2026 Intern, PhD, Machine Learning Engineer, Simulation
Waymo
Waymo is an autonomous driving technology company with the mission to be the world's most trusted driver. Since its start as the Google Self-Driving Car Project in 2009, Waymo has focused on building the Waymo Driver—The World's Most Experienced Driver™—to improve access to mobility while saving thousands of lives now lost to traffic crashes. The Waymo Driver powers Waymo’s fully autonomous ride-hail service and can also be applied to a range of vehicle platforms and product use cases. The Waymo Driver has provided over ten million rider-only trips, enabled by its experience autonomously driving over 100 million miles on public roads and tens of billions in simulation across 15+ U.S. states.
The Waymo Simulation team builds state-of-the-art simulations of realistic environments for testing and training the Waymo Driver, which is Waymo's autonomous driving technology. They develop industry-leading simulation solutions using advanced machine learning algorithms to measure and enhance the performance of the Waymo Driver. Waymo interns work with leaders in the industry on projects that deliver significant impact to the company. We believe learning is a two-way street: applying your knowledge while providing you with opportunities to expand your skillset. Interns are an important part of our culture and our recruiting pipeline. Join us at Waymo for a fun and rewarding internship!
This internship will be based on-site at our headquarters in Mountain View, CA.
You will:
- Research, implement, and evaluate state-of-the-art generative models and advanced sampling techniques for ultra-realistic multi-agent simulations and full fidelity scenario generation.

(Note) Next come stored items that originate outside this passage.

(* Let $R$ be a noetherian ring and $M$ a finitely generated $R$-module. (i) $\mathrm{Fitt}^0_R(M)\subseteq\mathrm{char}_R(M)$. (ii) If the projective dimension of $M$ is at most $1$, then $\mathrm{Fitt}^0_R(M)=\mathrm{char}_R(M)$.
   Context: $M^*=\mathrm{Hom}_R(M,R)$, $\bigcap^n_RM=(\bigwedge^n_R(M^* ))^*$. For a finitely generated $R$-module $M$, choose $n>0$ and an exact sequence $0\to N\to R^n\to M\to0$ and set $\mathrm{char}_R(M)=\mathrm{im}(\bigcap^n_RN\to\bigcap^n_RR^n=R)$ (independent of the choice). $\mathrm{Fitt}^0_R$ is the zeroth Fitting ideal. *)

theory Defs
  imports "HOL-Analysis.Analysis"
begin

text \<open>Commutative rings are modelled by the type class comm_ring_1; ideals of R are the
  subspaces of R regarded as a module over itself via multiplication.\<close>

definition noetherian_ring :: "'a::comm_ring_1 itself \<Rightarrow> bool" where
  "noetherian_ring _ \<longleftrightarrow>
     (\<forall>I::'a set. module.subspace (*) I \<longrightarrow> (\<exists>S. finite S \<and> I = module.span (*) S))"

text \<open>R^n is modelled as 'a^'n (n = CARD('n)).  A submodule N of R^n (the relations of a
  presentation 0 -> N -> R^n -> M -> 0).\<close>

text \<open>Zeroth Fitting ideal of R^n/N: the ideal generated by all n x n minors of the relation
  matrix, i.e. by the determinants of all n-tuples of elements of N.\<close>
definition fitt0 :: "('a::comm_ring_1 ^ 'n) set \<Rightarrow> 'a set" where
  "fitt0 N = module.span (*) {det (\<chi> i. v i) | v :: 'n \<Rightarrow> 'a ^ 'n. \<forall>i. v i \<in> N}"

text \<open>The dual N^* = Hom_R(N,R), elements represented as functions on R^n vanishing off N.\<close>
definition dual_sub :: "('a::comm_ring_1 ^ 'n) set \<Rightarrow> ('a ^ 'n \<Rightarrow> 'a) set" where
  "dual_sub N = {f. (\<forall>x\<in>N. \<forall>y\<in>N. f (x + y) = f x + f y)
                  \<and> (\<forall>c. \<forall>x\<in>N. f (c *s x) = c * f x)
                  \<and> (\<forall>x. x \<notin> N \<longrightarrow> f x = 0)}"

text \<open>Elements of the n-th Bass-Rosenberg power of N, (wedge^n (N^*))^*, are identified with
  alternating n-linear forms on N^*, the n arguments indexed by 'n.\<close>
definition alt_multilinear ::
    "('a::comm_ring_1 ^ 'n) set \<Rightarrow> (('n \<Rightarrow> ('a ^ 'n \<Rightarrow> 'a)) \<Rightarrow> 'a) \<Rightarrow> bool" where
  "alt_multilinear N \<Phi> \<longleftrightarrow>
     (\<forall>g. (\<forall>i. g i \<in> dual_sub N) \<longrightarrow>
        (\<forall>i. (\<forall>h1\<in>dual_sub N. \<forall>h2\<in>dual_sub N.
                 \<Phi> (g(i := (\<lambda>x. h1 x + h2 x))) = \<Phi> (g(i := h1)) + \<Phi> (g(i := h2)))
           \<and> (\<forall>c. \<forall>h\<in>dual_sub N. \<Phi> (g(i := (\<lambda>x. c * h x))) = c * \<Phi> (g(i := h))))
      \<and> ((\<exists>i j. i \<noteq> j \<and> g i = g j) \<longrightarrow> \<Phi> g = 0))"

text \<open>char_R(R^n/N): image of bigcap^n N -> bigcap^n R^n = R.  The latter identification is
  evaluation at e_1^* wedge ... wedge e_n^*; the map restricts the coordinate functionals to N.\<close>
definition char_ideal :: "('a::comm_ring_1 ^ 'n) set \<Rightarrow> 'a set" where
  "char_ideal N = {\<Phi> (\<lambda>i x. if x \<in> N then x $ i else 0) | \<Phi>. alt_multilinear N \<Phi>}"

text \<open>N is a projective module (finitely generated case): a direct summand of some R^m,
  R^m modelled as functions nat => 'a vanishing from m on.\<close>
definition fg_projective :: "('a::comm_ring_1 ^ 'n) set \<Rightarrow> bool" where
  "fg_projective N \<longleftrightarrow>
     (\<exists>(m::nat) (i :: 'a ^ 'n \<Rightarrow> (nat \<Rightarrow> 'a)) (p :: (nat \<Rightarrow> 'a) \<Rightarrow> 'a ^ 'n).
        (\<forall>x\<in>N. \<forall>y\<in>N. i (x + y) = (\<lambda>k. i x k + i y k)) \<and> (\<forall>c. \<forall>x\<in>N. i (c *s x) = (\<lambda>k. c * i x k))
      \<and> (\<forall>x\<in>N. \<forall>k\<ge>m. i x k = 0)
      \<and> (\<forall>u v. p (\<lambda>k. u k + v k) = p u + p v) \<and> (\<forall>c u. p (\<lambda>k. c * u k) = c *s p u)
      \<and> (\<forall>u. (\<forall>k\<ge>m. u k = 0) \<longrightarrow> p u \<in> N)
      \<and> (\<forall>x\<in>N. p (i x) = x))"

end

theory Submission
  imports Defs
begin

(*
  (i) For v\<^sub>1, ..., v\<^sub>n in N, the form g \<mapsto> det (g\<^sub>j (v\<^sub>l)) on n-tuples of elements
  of N\<^sup>* is alternating and multilinear, and its value at the coordinate functionals restricted
  to N is det (v\<^sub>1, ..., v\<^sub>n). As char is an ideal, it contains these generators of Fitt\<^sup>0.

  (ii) If N is projective, the dual basis lemma gives u\<^sub>k in N and \<phi>\<^sub>k in N\<^sup>* with
  x = \<Sum>\<^sub>k \<phi>\<^sub>k(x) u\<^sub>k, so the restricted coordinate functionals are e\<^sub>j\<^sup>* = \<Sum>\<^sub>k (u\<^sub>k)\<^sub>j \<phi>\<^sub>k.
  Expanding an alternating form \<Phi> multilinearly, only injective index maps \<kappa> survive, and
  grouping them into orbits under permutations of the arguments writes \<Phi> e\<^sup>* as a combination
  of the minors det (u (\<kappa> 1), ..., u (\<kappa> n)) of the relations.
*)

interpretation rmod: module "(*) :: 'a::comm_ring_1 \<Rightarrow> 'a \<Rightarrow> 'a"
  by unfold_locales (simp_all add: algebra_simps)

lemma dual_sub_add:
  assumes "f \<in> dual_sub N" and "g \<in> dual_sub N"
  shows "(\<lambda>x. f x + g x) \<in> dual_sub N"
  using assms by (auto simp: dual_sub_def distrib_left)

lemma dual_sub_cmult:
  assumes "f \<in> dual_sub N"
  shows "(\<lambda>x. c * f x) \<in> dual_sub N"
  using assms by (auto simp: dual_sub_def distrib_left mult.left_commute)

lemma dual_sub_sum:
  assumes "finite K" and "\<And>k. k \<in> K \<Longrightarrow> \<psi> k \<in> dual_sub N"
  shows "(\<lambda>x. \<Sum>k\<in>K. c k * \<psi> k x) \<in> dual_sub N"
  using assms
  by (induction K rule: finite_induct)
     (auto simp: dual_sub_def distrib_left sum.distrib mult.left_commute sum_distrib_left)

lemma alt_multilinear_add:
  assumes "alt_multilinear N \<Phi>" and "\<And>j. g j \<in> dual_sub N"
    and "h \<in> dual_sub N" and "h' \<in> dual_sub N"
  shows "\<Phi> (g(i := (\<lambda>x. h x + h' x))) = \<Phi> (g(i := h)) + \<Phi> (g(i := h'))"
  using assms unfolding alt_multilinear_def by simp

lemma alt_multilinear_cmult:
  assumes "alt_multilinear N \<Phi>" and "\<And>j. g j \<in> dual_sub N" and "h \<in> dual_sub N"
  shows "\<Phi> (g(i := (\<lambda>x. c * h x))) = c * \<Phi> (g(i := h))"
  using assms unfolding alt_multilinear_def by simp

lemma alt_multilinear_eq_zero:
  assumes "alt_multilinear N \<Phi>" and "\<And>j. g j \<in> dual_sub N" and "i \<noteq> j" and "g i = g j"
  shows "\<Phi> g = 0"
  using assms unfolding alt_multilinear_def by blast

lemma alt_multilinearI:
  fixes \<Phi> :: "('n \<Rightarrow> 'a::comm_ring_1^'n \<Rightarrow> 'a) \<Rightarrow> 'a"
  assumes add: "\<And>g i h h'. (\<And>j. g j \<in> dual_sub N) \<Longrightarrow> h \<in> dual_sub N \<Longrightarrow> h' \<in> dual_sub N \<Longrightarrow>
      \<Phi> (g(i := (\<lambda>x. h x + h' x))) = \<Phi> (g(i := h)) + \<Phi> (g(i := h'))"
    and cmult: "\<And>g i c h. (\<And>j. g j \<in> dual_sub N) \<Longrightarrow> h \<in> dual_sub N \<Longrightarrow>
      \<Phi> (g(i := (\<lambda>x. c * h x))) = c * \<Phi> (g(i := h))"
    and alt: "\<And>g i j. (\<And>j. g j \<in> dual_sub N) \<Longrightarrow> i \<noteq> j \<Longrightarrow> g i = g j \<Longrightarrow> \<Phi> g = 0"
  shows "alt_multilinear N \<Phi>"
  unfolding alt_multilinear_def
proof (intro allI impI conjI ballI)
  fix g :: "'n \<Rightarrow> 'a^'n \<Rightarrow> 'a" and i h h'
  assume "\<forall>j. g j \<in> dual_sub N" and "h \<in> dual_sub N" and "h' \<in> dual_sub N"
  then show "\<Phi> (g(i := (\<lambda>x. h x + h' x))) = \<Phi> (g(i := h)) + \<Phi> (g(i := h'))"
    by (simp add: add)
next
  fix g :: "'n \<Rightarrow> 'a^'n \<Rightarrow> 'a" and i c h
  assume "\<forall>j. g j \<in> dual_sub N" and "h \<in> dual_sub N"
  then show "\<Phi> (g(i := (\<lambda>x. c * h x))) = c * \<Phi> (g(i := h))"
    by (simp add: cmult)
next
  fix g :: "'n \<Rightarrow> 'a^'n \<Rightarrow> 'a"
  assume "\<forall>j. g j \<in> dual_sub N" and "\<exists>i j. i \<noteq> j \<and> g i = g j"
  then show "\<Phi> g = 0"
    using alt by blast
qed

lemma alt_multilinear_zero: "alt_multilinear N (\<lambda>g. 0)"
  by (rule alt_multilinearI) simp_all

lemma alt_multilinear_plus:
  assumes "alt_multilinear N \<Phi>" and "alt_multilinear N \<Psi>"
  shows "alt_multilinear N (\<lambda>g. \<Phi> g + \<Psi> g)"
  using alt_multilinear_add[OF assms(1)] alt_multilinear_add[OF assms(2)]
    alt_multilinear_cmult[OF assms(1)] alt_multilinear_cmult[OF assms(2)]
    alt_multilinear_eq_zero[OF assms(1)] alt_multilinear_eq_zero[OF assms(2)]
  by (intro alt_multilinearI) (simp_all add: distrib_left ac_simps)

lemma alt_multilinear_scaled:
  assumes "alt_multilinear N \<Phi>"
  shows "alt_multilinear N (\<lambda>g. c * \<Phi> g)"
  using alt_multilinear_add[OF assms] alt_multilinear_cmult[OF assms] alt_multilinear_eq_zero[OF assms]
  by (intro alt_multilinearI) (simp_all add: distrib_left mult.left_commute)

lemma alt_multilinear_sum:
  assumes am: "alt_multilinear N \<Phi>" and g: "\<And>j. g j \<in> dual_sub N"
    and "finite K" and \<psi>: "\<And>k. k \<in> K \<Longrightarrow> \<psi> k \<in> dual_sub N"
  shows "\<Phi> (g(i := (\<lambda>x. \<Sum>k\<in>K. c k * \<psi> k x))) = (\<Sum>k\<in>K. c k * \<Phi> (g(i := \<psi> k)))"
  using \<open>finite K\<close> \<psi>
proof (induction K rule: finite_induct)
  case empty
  have "\<Phi> (g(i := (\<lambda>x. 0 * g i x))) = 0 * \<Phi> (g(i := g i))"
    by (rule alt_multilinear_cmult[OF am]) (rule g)+
  then show ?case by (simp only: sum.empty mult_zero_left)
next
  case (insert k K)
  have "\<Phi> (g(i := (\<lambda>x. \<Sum>k\<in>insert k K. c k * \<psi> k x)))
      = \<Phi> (g(i := (\<lambda>x. c k * \<psi> k x + (\<Sum>k\<in>K. c k * \<psi> k x))))"
    using insert.hyps by simp
  also have "\<dots> = \<Phi> (g(i := (\<lambda>x. c k * \<psi> k x))) + \<Phi> (g(i := (\<lambda>x. \<Sum>k\<in>K. c k * \<psi> k x)))"
    by (rule alt_multilinear_add[OF am g dual_sub_cmult dual_sub_sum]) (simp_all add: insert)
  also have "\<Phi> (g(i := (\<lambda>x. c k * \<psi> k x))) = c k * \<Phi> (g(i := \<psi> k))"
    by (rule alt_multilinear_cmult[OF am g]) (simp add: insert)
  also have "\<Phi> (g(i := (\<lambda>x. \<Sum>k\<in>K. c k * \<psi> k x))) = (\<Sum>k\<in>K. c k * \<Phi> (g(i := \<psi> k)))"
    by (rule insert.IH) (simp add: insert.prems)
  also have "c k * \<Phi> (g(i := \<psi> k)) + (\<Sum>k\<in>K. c k * \<Phi> (g(i := \<psi> k)))
      = (\<Sum>k\<in>insert k K. c k * \<Phi> (g(i := \<psi> k)))"
    using insert.hyps by simp
  finally show ?case .
qed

- Collaborate with research and engineering teams to integrate models into Waymo's simulation and verification workflows, applying cutting-edge VL and ML efficiency technology.
- Contribute to projects that evaluate and improve world modeling of high fidelity sensor data for Waymo's E2E AI-first Driver, with opportunities to publish novel research.
You Have:
- Currently pursuing a Ph.D. in Computer Science, Machine Learning, Electrical Engineering, or a related technical discipline.
- Strong publication record in top-tier AI/ML or VL conferences and demonstrated expertise in AI Architecture, Deep Learning, Reinforcement Learning, High Performance Computing, Compilers, and/or Computer Architecture.
- Hands-on experience with deep learning frameworks (e.g., PyTorch, TensorFlow, JAX) and ML coding, proficiency in Python and/or C/C++
We Prefer:
- Experience with large-scale model training, including large diffusion models, world modeling, foundational models, ML modeling and system design and experience in 3D Vision, including 3D or 4D Gaussian Splatting, 3D Assets Generation, etc.
- Proficiency in ML frameworks like Jax, XLA, and/or TPU, and contributions to relevant open-source projects.
- Demonstrated expertise in research domains such as Deep Learning, Reinforcement Learning, Distributed systems, AI Architecture, and familiarity with 3DGS/NeRF technologies.